Whole body magnetic resonance imaging (MRI) is now recommended for all patients suspected of having asymptomatic myeloma or solitary plasmacytoma, for the detection of disease defining lesions.1, 2 Whole body imaging has the potential to easily and painlessly assess the burden of disease throughout the whole marrow at different disease timepoints and may be predictive of disease outcome from diagnosis.3, 4 Conventional MRI has previously been shown to be more sensitive and specific than 18F-fluorodeoxyglucose positron emission tomography–computed tomography (FDG PET–CT) for the detection of small focal lesions and diffuse marrow infiltration.5, 6 Until recently, however, only FDG PET–CT offered a quantitative measurement in the form of standard uptake value. With the recent development of whole-body diffusion-weighted MRI (WB-DWI) for myeloma, a non-ionising radiation imaging modality for quantitative assessment of disease burden and therapy response has become available. WB-DWI uses the apparent diffusion coefficient (ADC) measurement to quantify disease.7 ADC is influenced by tissue microarchitecture but specifically relates to marrow cellularity.8 The speed, quantitative capabilities and superior sensitivity of WB-DWI compared with conventional MRI sequences9 have led to its adoption at several leading myeloma centres worldwide. Additional benefits include the assessment of skeletal complications and no intravenous contrast. Despite these advances there has been a lack of data directly comparing WB-DWI and FDG PET–CT to evaluate their relative merits.
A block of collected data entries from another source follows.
lemma offset_window:
  assumes "i \<in> {1..t}" "0 < a i" "0 < b"
  shows "offset i + a i \<le> b"
  unfolding offset_def
proof (rule residue_window)
  show "b < 2 * b" using \<open>0 < b\<close> by simp
  show "\<forall>\<tau>. s (0, i) \<le> \<tau> \<longrightarrow> \<tau> < s (0, i) + a i \<longrightarrow> \<tau> mod (2 * b) < b"
  proof (intro allI impI)
    fix \<tau> assume "s (0, i) \<le> \<tau>" "\<tau> < s (0, i) + a i"
    then have "(0, i) \<in> running (inst_jobs t) (inst_p a b) s \<tau>"
      using assms(1) by (simp add: running_def mem_inst_jobs inst_p_def)
    then show "\<tau> mod (2 * b) < b" using running_chain0_in_gaps gaps_inj_mod(2) by blast
  qed
qed fact

lemma interval_depth_offsets:
  assumes "q < b"
  shows "interval_depth {1..t} offset (\<lambda>i. offset i + a i) q \<le> 2"
proof -
  let ?R = "running (inst_jobs t) (inst_p a b) s"
  let ?Q = "{i\<in>{1..t}. offset i \<le> q \<and> q < offset i + a i}"
  let ?fiber = "\<lambda>c. {\<tau>\<in>gaps c. \<tau> mod (2 * b) = q}"
  define \<sigma> where "\<sigma> i = s (0, i) + (q - offset i)" for i
  have \<sigma>_run: "(0, i) \<in> ?R (\<sigma> i)" and \<sigma>_mod: "\<sigma> i mod (2 * b) = q" if "i \<in> ?Q" for i
    using that mod_add_to_residue[of "s (0, i)" "2 * b" q] \<open>q < b\<close>
    by (auto simp: \<sigma>_def offset_def running_def mem_inst_jobs inst_p_def)
  have "inj_on \<sigma> ?Q"
  proof (rule inj_onI)
    fix i j assume "i \<in> ?Q" "j \<in> ?Q" "\<sigma> i = \<sigma> j"
    have "(0, i) \<in> ?R (\<sigma> i)" "(0, j) \<in> ?R (\<sigma> i)"
      using \<sigma>_run[OF \<open>i \<in> ?Q\<close>] \<sigma>_run[OF \<open>j \<in> ?Q\<close>] \<open>\<sigma> i = \<sigma> j\<close> by simp_all
    then have "(0, i) = (0::nat, j)" by (rule inj_onD[OF inj_on_fst_running[OF respects_prec], rotated]) simp
    then show "i = j" by simp
  qed
  moreover have "\<sigma> ` ?Q \<subseteq> ?fiber 1 \<union> ?fiber 2"
    using running_chain0_in_gaps \<sigma>_run \<sigma>_mod by blast
  ultimately have "card ?Q \<le> card (?fiber 1 \<union> ?fiber 2)"
    by (simp add: card_image[symmetric] card_mono finite_gaps)
  also have "\<dots> \<le> card (?fiber 1) + card (?fiber 2)" by (rule card_Un_le)
  also have "\<dots> \<le> 1 + 1" using card_fiber_le_1[OF gaps_inj_mod(1)] by (intro add_mono) auto
  finally show ?thesis by (simp add: interval_depth_def)
qed

end

lemma half_sum_from_schedule:
  assumes "\<forall>i\<in>{1..t}. a i > 0" "sum a {1..t} = 2 * b"
    and "feasible2 (inst_jobs t) inst_prec (inst_p a b) s"
    and "makespan (inst_jobs t) (inst_p a b) s \<le> (2 * t + 3) * b"
  shows "\<exists>G\<subseteq>{1..t}. sum a G = b"
proof (cases "b = 0")
  case True
  then show ?thesis by (intro exI[of _ "{}"]) simp
next
  case False
  interpret short_schedule a t b s by standard fact+
  show ?thesis
    using depth_two_interval_family_halves[of "{1..t}" offset "\<lambda>i. offset i + a i" b]
      offset_window interval_depth_offsets assms(1,2) False by simp
qed

lemma exists_equal_split_iff_half:
  fixes a :: "'a \<Rightarrow> nat"
  assumes "finite I" "sum a I = 2 * b"
  shows "(\<exists>S\<subseteq>I. sum a S = sum a (I - S)) \<longleftrightarrow> (\<exists>S\<subseteq>I. sum a S = b)"
proof -
  have "sum a S = sum a (I - S) \<longleftrightarrow> sum a S = b" if "S \<subseteq> I" for S
  proof -
    have "sum a I = sum a (I - S) + sum a S"
      using that \<open>finite I\<close> by (simp add: sum.subset_diff)
    then show ?thesis using assms(2) by linarith
  qed
  then show ?thesis by blast
qed

theorem mainTheorem2:
  fixes a :: "nat \<Rightarrow> nat" and t b :: nat
  assumes pos: "\<forall>i\<in>{1..t}. a i > 0"
    and sum: "(\<Sum>i=1..t. a i) = 2 * b"
  shows "(\<exists>S\<subseteq>{1..t}. (\<Sum>i\<in>S. a i) = (\<Sum>i\<in>{1..t} - S. a i)) \<longleftrightarrow>
         (\<exists>s. feasible2 (inst_jobs t) inst_prec (inst_p a b) s \<and>
              makespan (inst_jobs t) (inst_p a b) s \<le> (2 * t + 3) * b)"
proof -
  have "(\<exists>S\<subseteq>{1..t}. sum a S = sum a ({1..t} - S)) \<longleftrightarrow> (\<exists>S\<subseteq>{1..t}. sum a S = b)"
    using sum by (intro exists_equal_split_iff_half) simp_all
  also have "\<dots> \<longleftrightarrow> (\<exists>s. feasible2 (inst_jobs t) inst_prec (inst_p a b) s \<and>
                         makespan (inst_jobs t) (inst_p a b) s \<le> (2 * t + 3) * b)"
    using schedule_from_partition[OF _ _ sum] half_sum_from_schedule[OF pos sum] by blast
  finally show ?thesis .
qed

end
Although quantifying tumour metabolism with FDG PET–CT is highly attractive, in reality standard uptake value measurements are profoundly influenced by numerous factors including serum glucose, uptake time, scanner calibration and reconstruction techniques. ADC measurements from diffusion-weighted MRI at different time points are not without its challenges and can be influenced by scanner manufacturer and field strength. However, ADC is felt to be less prone to equipment and physiological influences. Bone marrow ADC measurements have been achieved with a coefficient of variation of 2.8% in myeloma patients, suggesting excellent reproducibility7 and good inter-observer agreement (K 0.69) has also been reported.10

We have compared matched simultaneous assessments of myeloma using FDG PET–CT and WB-DWI and determined the relationship to bone marrow biopsy assessments of disease burden. This retrospective, single institution study was undertaken with approval of the institute review board. Patients who had undergone paired WB-DWI and FDG PET–CT scans for myeloma at any stage of disease were included. WB-DWI scans were obtained using an Avanto 1.5 T system (Siemens, Erlangen, Germany) and serial acquisition of contiguous body regions from skull vertex to knees using b values of 50 and 900/mm2s. FDG PET–CT studies were acquired using either a Gemini PET/CT (Philips, Best, The Netherlands) or a Biograph mCT S128 (Siemens). Patients are asked to fast for at least 4 h before the study. 18F-FDG (400 MBq) was injected i.v. and blood sugar levels were confirmed to be <10 mmol/l. Patients rested for 60 min prior to FDG PET–CT acquisition. Emission data and unenhanced CT were acquired from the skull vertex to the knees.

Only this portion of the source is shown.